— Aim of the task —
Go over the entries below line by line, copying each one that contains the word "lemma".

Stored items

++++++

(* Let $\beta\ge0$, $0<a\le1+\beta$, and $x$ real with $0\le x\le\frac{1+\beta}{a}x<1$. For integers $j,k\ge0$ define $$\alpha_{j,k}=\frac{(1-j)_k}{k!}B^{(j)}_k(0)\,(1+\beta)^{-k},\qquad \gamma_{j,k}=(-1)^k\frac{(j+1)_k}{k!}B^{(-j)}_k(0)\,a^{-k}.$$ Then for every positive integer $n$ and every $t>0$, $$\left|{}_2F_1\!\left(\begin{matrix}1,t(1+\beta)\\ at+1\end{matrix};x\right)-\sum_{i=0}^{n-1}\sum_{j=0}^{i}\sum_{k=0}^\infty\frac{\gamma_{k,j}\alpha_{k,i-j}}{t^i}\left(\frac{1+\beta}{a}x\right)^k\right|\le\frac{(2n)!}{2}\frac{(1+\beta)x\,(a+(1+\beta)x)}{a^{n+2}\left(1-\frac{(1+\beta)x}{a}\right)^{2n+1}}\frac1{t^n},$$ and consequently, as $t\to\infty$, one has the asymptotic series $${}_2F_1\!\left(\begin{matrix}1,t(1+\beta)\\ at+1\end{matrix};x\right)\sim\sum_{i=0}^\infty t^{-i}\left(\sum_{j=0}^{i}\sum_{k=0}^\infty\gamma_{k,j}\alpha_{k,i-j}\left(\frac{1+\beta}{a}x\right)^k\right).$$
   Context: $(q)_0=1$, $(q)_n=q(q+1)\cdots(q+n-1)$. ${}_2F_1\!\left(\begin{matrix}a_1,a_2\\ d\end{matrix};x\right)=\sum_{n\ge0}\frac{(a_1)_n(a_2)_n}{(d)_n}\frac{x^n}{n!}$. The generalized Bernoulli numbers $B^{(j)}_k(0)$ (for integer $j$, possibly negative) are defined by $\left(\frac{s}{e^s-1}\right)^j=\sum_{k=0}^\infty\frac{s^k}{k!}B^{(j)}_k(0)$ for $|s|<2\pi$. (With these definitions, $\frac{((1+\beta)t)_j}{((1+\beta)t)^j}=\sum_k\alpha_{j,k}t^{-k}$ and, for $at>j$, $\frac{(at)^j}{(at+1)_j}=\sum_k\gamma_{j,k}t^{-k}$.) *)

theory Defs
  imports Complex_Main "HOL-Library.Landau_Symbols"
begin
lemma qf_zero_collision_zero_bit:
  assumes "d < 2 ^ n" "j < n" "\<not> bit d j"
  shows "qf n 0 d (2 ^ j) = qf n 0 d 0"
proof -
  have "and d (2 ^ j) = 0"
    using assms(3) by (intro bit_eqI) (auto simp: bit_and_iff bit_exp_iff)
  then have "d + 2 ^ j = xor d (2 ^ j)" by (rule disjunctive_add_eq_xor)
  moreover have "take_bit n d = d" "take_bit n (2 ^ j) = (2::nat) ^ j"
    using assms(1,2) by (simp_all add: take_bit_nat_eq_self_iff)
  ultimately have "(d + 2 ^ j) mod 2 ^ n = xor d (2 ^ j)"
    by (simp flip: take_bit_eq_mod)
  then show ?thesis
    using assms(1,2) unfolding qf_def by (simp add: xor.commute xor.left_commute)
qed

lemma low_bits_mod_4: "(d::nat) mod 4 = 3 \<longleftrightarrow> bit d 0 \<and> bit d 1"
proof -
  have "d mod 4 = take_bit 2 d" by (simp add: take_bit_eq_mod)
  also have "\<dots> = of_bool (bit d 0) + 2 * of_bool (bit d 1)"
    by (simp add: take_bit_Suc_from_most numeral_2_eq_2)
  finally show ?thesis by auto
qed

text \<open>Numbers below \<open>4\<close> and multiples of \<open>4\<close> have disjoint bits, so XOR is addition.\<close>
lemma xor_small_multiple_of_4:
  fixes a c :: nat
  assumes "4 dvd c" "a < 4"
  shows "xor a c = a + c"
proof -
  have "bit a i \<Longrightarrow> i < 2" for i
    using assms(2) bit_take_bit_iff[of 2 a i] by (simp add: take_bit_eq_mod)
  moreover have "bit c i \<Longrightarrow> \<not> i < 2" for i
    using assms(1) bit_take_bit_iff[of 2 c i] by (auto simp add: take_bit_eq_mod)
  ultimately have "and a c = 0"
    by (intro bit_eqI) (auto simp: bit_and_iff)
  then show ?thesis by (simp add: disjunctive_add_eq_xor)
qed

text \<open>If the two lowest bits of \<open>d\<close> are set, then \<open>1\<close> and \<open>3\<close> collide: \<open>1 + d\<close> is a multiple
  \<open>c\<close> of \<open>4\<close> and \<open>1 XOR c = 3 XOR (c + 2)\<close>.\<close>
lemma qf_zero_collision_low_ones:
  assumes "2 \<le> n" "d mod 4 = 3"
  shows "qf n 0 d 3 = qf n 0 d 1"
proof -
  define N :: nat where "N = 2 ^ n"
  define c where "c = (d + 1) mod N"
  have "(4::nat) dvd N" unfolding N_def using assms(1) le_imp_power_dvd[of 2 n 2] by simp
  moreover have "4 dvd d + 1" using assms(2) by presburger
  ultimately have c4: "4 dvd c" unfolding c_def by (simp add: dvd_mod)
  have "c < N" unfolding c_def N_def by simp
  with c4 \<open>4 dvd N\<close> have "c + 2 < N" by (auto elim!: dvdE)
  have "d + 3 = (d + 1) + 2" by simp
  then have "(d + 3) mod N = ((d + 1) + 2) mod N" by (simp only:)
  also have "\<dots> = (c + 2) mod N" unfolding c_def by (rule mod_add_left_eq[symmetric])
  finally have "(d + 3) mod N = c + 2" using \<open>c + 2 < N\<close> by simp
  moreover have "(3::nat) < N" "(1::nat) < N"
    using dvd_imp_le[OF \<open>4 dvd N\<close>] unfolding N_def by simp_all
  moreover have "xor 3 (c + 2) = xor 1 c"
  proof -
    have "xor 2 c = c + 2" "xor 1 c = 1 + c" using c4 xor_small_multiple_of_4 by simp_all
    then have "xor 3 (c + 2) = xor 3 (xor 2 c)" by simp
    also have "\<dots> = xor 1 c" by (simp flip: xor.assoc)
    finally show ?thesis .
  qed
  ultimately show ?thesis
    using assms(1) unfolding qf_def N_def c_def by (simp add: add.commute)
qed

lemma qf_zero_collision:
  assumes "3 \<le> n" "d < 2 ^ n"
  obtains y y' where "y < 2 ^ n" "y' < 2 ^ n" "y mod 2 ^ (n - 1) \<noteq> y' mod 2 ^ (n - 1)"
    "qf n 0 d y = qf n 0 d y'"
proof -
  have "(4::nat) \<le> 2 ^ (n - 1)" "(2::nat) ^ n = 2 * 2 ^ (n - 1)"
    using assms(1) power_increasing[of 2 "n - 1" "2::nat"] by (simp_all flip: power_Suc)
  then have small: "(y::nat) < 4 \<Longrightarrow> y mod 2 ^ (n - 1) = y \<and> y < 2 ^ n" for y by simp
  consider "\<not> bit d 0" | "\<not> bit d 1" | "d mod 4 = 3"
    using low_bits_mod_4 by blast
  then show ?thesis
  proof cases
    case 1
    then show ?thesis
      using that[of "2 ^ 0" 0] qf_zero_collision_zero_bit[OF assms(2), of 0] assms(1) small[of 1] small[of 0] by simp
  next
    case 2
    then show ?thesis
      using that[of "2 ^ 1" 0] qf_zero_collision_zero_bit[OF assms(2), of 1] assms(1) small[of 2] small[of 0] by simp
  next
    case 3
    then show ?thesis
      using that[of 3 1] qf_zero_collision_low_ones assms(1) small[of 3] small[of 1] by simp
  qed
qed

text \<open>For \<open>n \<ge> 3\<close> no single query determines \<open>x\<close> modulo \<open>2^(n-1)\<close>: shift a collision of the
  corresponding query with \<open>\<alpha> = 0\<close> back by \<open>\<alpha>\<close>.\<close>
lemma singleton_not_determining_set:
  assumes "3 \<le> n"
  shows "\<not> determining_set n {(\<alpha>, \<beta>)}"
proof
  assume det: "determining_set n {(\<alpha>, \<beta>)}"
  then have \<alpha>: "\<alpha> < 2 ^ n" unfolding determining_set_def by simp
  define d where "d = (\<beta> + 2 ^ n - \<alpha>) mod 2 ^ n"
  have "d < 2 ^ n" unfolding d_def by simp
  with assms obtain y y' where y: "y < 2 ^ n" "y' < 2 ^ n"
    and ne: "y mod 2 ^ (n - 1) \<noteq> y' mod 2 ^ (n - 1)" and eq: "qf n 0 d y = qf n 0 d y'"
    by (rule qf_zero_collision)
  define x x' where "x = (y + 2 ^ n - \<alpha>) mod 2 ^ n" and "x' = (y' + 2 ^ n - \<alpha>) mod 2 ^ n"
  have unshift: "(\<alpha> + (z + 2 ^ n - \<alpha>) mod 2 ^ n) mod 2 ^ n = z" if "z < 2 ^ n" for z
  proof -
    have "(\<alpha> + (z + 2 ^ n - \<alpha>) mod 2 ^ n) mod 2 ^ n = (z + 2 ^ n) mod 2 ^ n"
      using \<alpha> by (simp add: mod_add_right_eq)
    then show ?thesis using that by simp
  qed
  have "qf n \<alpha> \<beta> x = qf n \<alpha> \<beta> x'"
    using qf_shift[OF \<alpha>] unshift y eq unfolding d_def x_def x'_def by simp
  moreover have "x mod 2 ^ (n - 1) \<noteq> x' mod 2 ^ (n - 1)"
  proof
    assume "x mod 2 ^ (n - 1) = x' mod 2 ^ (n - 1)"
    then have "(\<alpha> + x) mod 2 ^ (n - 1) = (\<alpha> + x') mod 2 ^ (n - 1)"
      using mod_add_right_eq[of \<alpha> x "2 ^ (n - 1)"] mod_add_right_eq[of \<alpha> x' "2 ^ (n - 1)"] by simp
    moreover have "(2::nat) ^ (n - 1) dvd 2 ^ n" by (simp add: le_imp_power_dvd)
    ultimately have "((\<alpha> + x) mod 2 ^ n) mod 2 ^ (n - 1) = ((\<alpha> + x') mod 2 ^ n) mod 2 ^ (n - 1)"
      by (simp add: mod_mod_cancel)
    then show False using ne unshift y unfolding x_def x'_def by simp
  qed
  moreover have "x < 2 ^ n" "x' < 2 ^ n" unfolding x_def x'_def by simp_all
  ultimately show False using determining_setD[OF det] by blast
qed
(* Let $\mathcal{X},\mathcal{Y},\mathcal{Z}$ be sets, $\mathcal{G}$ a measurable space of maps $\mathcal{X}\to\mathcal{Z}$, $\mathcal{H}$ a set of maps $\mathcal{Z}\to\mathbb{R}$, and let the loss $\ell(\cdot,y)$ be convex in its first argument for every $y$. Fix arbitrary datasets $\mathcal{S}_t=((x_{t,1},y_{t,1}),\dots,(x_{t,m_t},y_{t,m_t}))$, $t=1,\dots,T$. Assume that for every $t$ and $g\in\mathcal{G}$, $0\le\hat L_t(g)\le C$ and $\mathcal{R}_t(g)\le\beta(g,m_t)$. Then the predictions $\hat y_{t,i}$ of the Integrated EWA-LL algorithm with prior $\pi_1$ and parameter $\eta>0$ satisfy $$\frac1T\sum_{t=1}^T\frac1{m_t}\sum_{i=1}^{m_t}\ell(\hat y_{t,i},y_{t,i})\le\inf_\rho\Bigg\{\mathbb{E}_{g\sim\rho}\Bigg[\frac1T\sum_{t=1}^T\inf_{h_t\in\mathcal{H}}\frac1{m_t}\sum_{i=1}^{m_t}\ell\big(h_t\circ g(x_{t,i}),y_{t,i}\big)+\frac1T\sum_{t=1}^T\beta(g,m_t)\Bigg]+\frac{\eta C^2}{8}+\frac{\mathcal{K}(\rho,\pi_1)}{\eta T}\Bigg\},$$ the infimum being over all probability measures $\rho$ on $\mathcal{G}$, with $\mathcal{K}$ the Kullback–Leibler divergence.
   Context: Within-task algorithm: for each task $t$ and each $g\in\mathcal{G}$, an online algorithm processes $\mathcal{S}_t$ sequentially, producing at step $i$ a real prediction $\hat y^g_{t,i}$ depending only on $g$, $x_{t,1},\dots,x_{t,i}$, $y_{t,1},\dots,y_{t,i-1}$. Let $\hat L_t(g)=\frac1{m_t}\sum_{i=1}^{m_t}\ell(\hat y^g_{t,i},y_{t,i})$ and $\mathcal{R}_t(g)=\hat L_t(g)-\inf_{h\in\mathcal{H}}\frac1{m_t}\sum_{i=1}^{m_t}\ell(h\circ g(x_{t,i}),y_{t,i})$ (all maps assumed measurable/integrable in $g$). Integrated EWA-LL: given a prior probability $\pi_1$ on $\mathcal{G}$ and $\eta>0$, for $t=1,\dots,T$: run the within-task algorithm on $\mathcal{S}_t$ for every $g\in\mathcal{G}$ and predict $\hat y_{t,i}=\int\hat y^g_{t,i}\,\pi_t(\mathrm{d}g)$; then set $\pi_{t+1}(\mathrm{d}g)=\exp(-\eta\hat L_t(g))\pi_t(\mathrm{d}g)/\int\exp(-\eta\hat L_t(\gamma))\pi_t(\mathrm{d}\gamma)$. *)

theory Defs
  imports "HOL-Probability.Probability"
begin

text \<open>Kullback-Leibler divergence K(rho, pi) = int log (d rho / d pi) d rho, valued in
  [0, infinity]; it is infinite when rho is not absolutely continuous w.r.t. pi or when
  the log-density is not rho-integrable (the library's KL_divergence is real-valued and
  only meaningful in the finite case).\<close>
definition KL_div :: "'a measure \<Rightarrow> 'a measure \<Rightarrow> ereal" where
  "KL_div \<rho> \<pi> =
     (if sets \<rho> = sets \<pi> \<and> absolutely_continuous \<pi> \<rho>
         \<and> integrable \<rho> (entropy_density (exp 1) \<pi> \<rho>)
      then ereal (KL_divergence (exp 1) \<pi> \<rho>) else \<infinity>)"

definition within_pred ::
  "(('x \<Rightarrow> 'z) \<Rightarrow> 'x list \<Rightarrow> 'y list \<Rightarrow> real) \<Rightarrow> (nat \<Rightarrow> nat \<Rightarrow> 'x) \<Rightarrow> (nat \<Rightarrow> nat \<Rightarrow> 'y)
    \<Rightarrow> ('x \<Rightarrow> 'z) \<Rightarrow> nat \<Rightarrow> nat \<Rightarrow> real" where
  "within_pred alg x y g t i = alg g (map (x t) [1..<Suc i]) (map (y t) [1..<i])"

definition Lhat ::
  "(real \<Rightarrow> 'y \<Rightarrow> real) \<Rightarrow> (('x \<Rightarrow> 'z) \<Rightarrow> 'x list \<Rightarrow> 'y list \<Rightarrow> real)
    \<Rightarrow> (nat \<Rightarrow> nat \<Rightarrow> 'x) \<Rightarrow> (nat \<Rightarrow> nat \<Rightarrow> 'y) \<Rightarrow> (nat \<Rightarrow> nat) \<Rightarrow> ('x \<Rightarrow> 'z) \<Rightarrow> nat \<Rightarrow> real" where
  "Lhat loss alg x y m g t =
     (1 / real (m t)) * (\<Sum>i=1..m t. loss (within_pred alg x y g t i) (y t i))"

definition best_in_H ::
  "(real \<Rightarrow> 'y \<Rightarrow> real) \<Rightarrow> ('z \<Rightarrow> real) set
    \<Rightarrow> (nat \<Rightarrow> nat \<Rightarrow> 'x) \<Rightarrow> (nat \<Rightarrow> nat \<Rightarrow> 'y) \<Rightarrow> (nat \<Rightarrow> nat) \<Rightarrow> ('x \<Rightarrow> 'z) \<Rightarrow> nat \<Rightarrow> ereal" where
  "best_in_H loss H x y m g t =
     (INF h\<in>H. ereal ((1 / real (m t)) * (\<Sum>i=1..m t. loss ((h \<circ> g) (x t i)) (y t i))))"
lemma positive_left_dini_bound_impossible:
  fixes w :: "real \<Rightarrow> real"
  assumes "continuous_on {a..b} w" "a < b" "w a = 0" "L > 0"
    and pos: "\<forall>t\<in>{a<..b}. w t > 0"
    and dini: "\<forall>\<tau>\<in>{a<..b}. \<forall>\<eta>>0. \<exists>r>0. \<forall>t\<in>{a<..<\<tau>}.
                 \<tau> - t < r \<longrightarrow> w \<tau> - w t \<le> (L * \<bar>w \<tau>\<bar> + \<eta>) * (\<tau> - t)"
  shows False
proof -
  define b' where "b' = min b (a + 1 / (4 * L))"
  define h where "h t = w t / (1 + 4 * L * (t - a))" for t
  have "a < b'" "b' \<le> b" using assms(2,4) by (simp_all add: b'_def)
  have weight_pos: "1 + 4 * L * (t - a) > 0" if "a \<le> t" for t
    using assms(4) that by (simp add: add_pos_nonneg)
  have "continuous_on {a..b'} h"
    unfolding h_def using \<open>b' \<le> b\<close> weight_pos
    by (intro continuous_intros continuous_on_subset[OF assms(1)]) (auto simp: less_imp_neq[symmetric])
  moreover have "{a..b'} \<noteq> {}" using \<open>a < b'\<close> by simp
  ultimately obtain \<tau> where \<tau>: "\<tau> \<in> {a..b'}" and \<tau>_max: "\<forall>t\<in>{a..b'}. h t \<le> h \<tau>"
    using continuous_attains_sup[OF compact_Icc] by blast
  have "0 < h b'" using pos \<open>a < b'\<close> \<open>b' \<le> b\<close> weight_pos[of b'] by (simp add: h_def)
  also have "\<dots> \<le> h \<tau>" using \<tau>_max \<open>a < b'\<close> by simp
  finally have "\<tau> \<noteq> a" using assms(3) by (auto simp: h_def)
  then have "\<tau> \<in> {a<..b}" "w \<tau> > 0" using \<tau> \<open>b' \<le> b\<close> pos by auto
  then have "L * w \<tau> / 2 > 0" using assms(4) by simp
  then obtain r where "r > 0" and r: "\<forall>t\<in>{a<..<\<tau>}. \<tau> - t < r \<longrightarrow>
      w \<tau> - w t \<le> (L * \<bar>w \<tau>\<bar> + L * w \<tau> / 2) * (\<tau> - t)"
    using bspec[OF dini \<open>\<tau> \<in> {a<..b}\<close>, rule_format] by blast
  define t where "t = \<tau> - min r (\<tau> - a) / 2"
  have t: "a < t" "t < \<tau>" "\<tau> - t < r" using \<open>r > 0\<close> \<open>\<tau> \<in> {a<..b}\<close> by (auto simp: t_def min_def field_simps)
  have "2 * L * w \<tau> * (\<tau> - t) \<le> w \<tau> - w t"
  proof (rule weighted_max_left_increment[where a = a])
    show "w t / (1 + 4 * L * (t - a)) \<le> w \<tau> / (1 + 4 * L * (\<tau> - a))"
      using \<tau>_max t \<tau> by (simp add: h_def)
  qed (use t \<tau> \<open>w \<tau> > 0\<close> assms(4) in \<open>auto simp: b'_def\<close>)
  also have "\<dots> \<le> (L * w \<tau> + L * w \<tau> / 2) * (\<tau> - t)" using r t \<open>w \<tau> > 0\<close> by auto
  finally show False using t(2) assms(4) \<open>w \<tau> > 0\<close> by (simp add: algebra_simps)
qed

++++++

— Task output —
lemma qf_zero_collision_zero_bit:
lemma low_bits_mod_4: "(d::nat) mod 4 = 3 \<longleftrightarrow> bit d 0 \<and> bit d 1"
lemma xor_small_multiple_of_4:
lemma qf_zero_collision_low_ones:
lemma qf_zero_collision:
lemma singleton_not_determining_set:
lemma positive_left_dini_bound_impossible:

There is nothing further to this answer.